■ Work required: Copy every line in the records below that contains the word "proof".

(Dataset entries)
------------------------------

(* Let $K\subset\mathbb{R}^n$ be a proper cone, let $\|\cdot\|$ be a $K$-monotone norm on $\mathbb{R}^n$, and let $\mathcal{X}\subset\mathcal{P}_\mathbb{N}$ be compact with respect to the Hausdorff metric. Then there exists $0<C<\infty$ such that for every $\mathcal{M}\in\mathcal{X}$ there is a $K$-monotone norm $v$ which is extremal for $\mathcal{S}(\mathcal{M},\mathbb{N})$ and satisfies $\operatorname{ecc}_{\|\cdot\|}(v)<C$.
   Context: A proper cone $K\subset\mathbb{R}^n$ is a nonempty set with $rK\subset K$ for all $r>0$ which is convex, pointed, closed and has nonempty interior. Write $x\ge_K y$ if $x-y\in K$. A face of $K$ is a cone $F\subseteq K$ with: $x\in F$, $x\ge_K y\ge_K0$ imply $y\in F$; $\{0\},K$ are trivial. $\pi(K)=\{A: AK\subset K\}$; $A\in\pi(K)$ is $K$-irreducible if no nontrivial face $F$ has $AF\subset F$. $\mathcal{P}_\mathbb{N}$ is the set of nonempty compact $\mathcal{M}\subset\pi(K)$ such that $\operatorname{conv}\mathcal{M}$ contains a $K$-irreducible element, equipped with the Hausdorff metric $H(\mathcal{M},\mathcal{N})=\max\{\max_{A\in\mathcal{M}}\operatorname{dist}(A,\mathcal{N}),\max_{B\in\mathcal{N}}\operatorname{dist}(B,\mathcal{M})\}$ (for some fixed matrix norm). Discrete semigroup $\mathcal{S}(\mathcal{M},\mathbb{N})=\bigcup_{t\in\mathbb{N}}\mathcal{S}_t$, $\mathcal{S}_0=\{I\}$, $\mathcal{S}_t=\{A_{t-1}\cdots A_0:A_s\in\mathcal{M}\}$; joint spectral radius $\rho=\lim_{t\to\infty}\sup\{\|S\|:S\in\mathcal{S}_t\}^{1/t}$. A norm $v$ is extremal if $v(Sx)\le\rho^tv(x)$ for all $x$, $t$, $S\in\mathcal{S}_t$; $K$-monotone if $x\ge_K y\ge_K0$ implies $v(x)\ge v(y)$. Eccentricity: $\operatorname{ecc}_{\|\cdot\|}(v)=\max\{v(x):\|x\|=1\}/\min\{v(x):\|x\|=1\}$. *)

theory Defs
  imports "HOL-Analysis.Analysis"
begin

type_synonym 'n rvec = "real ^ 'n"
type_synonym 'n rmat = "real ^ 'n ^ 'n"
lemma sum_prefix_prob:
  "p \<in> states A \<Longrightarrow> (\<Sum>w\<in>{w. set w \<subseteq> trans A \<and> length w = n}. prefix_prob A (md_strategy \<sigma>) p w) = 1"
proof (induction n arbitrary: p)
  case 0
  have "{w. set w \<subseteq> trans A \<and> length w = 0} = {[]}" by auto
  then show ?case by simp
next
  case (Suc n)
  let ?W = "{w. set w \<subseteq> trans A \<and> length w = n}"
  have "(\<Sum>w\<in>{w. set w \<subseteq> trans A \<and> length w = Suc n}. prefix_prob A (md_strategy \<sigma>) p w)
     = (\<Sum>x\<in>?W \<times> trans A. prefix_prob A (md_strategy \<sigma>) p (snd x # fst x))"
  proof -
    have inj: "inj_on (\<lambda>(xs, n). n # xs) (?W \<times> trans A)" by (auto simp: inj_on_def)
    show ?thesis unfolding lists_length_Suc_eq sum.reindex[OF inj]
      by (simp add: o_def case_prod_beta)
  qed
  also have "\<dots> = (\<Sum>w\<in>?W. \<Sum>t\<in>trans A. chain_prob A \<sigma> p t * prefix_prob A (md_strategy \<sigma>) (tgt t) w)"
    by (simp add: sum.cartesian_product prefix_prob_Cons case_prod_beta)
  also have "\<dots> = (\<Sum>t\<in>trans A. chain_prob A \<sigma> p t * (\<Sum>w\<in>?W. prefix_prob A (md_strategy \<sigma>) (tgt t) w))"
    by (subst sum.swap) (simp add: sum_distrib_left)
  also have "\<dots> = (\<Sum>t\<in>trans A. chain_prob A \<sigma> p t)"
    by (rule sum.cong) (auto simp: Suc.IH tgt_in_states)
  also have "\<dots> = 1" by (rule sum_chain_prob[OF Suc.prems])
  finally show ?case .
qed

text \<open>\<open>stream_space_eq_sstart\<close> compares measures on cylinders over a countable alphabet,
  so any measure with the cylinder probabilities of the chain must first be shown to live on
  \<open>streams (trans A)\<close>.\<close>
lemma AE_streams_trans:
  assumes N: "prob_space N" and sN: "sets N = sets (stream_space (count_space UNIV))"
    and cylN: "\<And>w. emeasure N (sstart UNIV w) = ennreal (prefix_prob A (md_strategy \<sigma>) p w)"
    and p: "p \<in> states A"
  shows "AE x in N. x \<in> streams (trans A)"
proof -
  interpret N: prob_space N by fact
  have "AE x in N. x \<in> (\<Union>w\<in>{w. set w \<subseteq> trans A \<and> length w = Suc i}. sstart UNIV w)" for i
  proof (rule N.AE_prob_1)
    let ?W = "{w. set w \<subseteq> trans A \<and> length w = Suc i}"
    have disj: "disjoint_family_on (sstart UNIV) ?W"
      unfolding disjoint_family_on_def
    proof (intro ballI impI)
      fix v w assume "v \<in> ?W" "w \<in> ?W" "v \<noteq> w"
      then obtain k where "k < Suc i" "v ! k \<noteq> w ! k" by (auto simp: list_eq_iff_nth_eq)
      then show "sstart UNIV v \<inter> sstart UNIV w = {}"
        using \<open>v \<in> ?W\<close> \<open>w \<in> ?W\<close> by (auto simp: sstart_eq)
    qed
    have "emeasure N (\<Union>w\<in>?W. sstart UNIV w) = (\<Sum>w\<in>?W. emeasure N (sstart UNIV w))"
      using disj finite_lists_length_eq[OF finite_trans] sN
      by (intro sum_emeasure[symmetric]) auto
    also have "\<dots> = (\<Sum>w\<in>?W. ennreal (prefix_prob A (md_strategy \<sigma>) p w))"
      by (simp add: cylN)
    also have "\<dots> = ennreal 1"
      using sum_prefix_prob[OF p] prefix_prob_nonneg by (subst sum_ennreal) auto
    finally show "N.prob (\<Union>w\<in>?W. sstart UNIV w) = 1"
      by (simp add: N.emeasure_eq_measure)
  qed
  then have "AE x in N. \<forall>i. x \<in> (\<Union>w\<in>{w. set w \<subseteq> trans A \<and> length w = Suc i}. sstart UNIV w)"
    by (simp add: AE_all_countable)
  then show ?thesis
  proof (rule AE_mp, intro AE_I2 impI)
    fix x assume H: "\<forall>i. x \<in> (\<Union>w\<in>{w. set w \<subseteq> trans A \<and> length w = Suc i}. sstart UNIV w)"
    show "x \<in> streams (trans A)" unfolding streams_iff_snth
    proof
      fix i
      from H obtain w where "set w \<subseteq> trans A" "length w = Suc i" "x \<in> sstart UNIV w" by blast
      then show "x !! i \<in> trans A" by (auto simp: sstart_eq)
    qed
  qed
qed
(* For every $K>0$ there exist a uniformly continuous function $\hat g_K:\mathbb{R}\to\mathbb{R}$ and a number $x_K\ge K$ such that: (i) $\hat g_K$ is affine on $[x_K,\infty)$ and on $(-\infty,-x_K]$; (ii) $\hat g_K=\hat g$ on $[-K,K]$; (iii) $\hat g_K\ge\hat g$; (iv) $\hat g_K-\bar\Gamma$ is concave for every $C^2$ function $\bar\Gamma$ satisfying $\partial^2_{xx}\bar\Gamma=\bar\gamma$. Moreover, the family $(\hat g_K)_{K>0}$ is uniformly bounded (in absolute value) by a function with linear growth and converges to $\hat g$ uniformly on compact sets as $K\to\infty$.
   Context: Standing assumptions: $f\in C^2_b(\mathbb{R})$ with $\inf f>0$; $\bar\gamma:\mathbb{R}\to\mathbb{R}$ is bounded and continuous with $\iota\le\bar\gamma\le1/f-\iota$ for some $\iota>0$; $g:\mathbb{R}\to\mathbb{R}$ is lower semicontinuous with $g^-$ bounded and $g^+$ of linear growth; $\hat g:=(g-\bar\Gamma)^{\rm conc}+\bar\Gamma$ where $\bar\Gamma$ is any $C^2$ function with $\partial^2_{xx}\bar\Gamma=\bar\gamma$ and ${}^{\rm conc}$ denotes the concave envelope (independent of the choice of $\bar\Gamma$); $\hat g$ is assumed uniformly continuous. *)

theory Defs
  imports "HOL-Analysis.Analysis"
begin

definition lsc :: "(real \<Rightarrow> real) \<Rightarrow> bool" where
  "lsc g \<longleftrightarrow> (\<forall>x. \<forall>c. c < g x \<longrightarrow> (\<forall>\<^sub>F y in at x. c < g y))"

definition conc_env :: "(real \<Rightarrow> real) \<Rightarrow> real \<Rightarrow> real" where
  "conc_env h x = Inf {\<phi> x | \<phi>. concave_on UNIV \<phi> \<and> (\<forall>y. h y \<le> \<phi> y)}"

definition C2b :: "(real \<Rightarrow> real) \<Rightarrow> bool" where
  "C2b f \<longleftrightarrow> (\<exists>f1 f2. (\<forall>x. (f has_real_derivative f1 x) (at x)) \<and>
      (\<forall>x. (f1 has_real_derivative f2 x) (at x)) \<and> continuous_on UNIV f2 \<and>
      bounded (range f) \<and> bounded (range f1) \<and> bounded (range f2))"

------------------------------

■ Problem solution:
proof (induction n arbitrary: p)
  proof -
proof -
  proof (rule N.AE_prob_1)
    proof (intro ballI impI)
  proof (rule AE_mp, intro AE_I2 impI)
    proof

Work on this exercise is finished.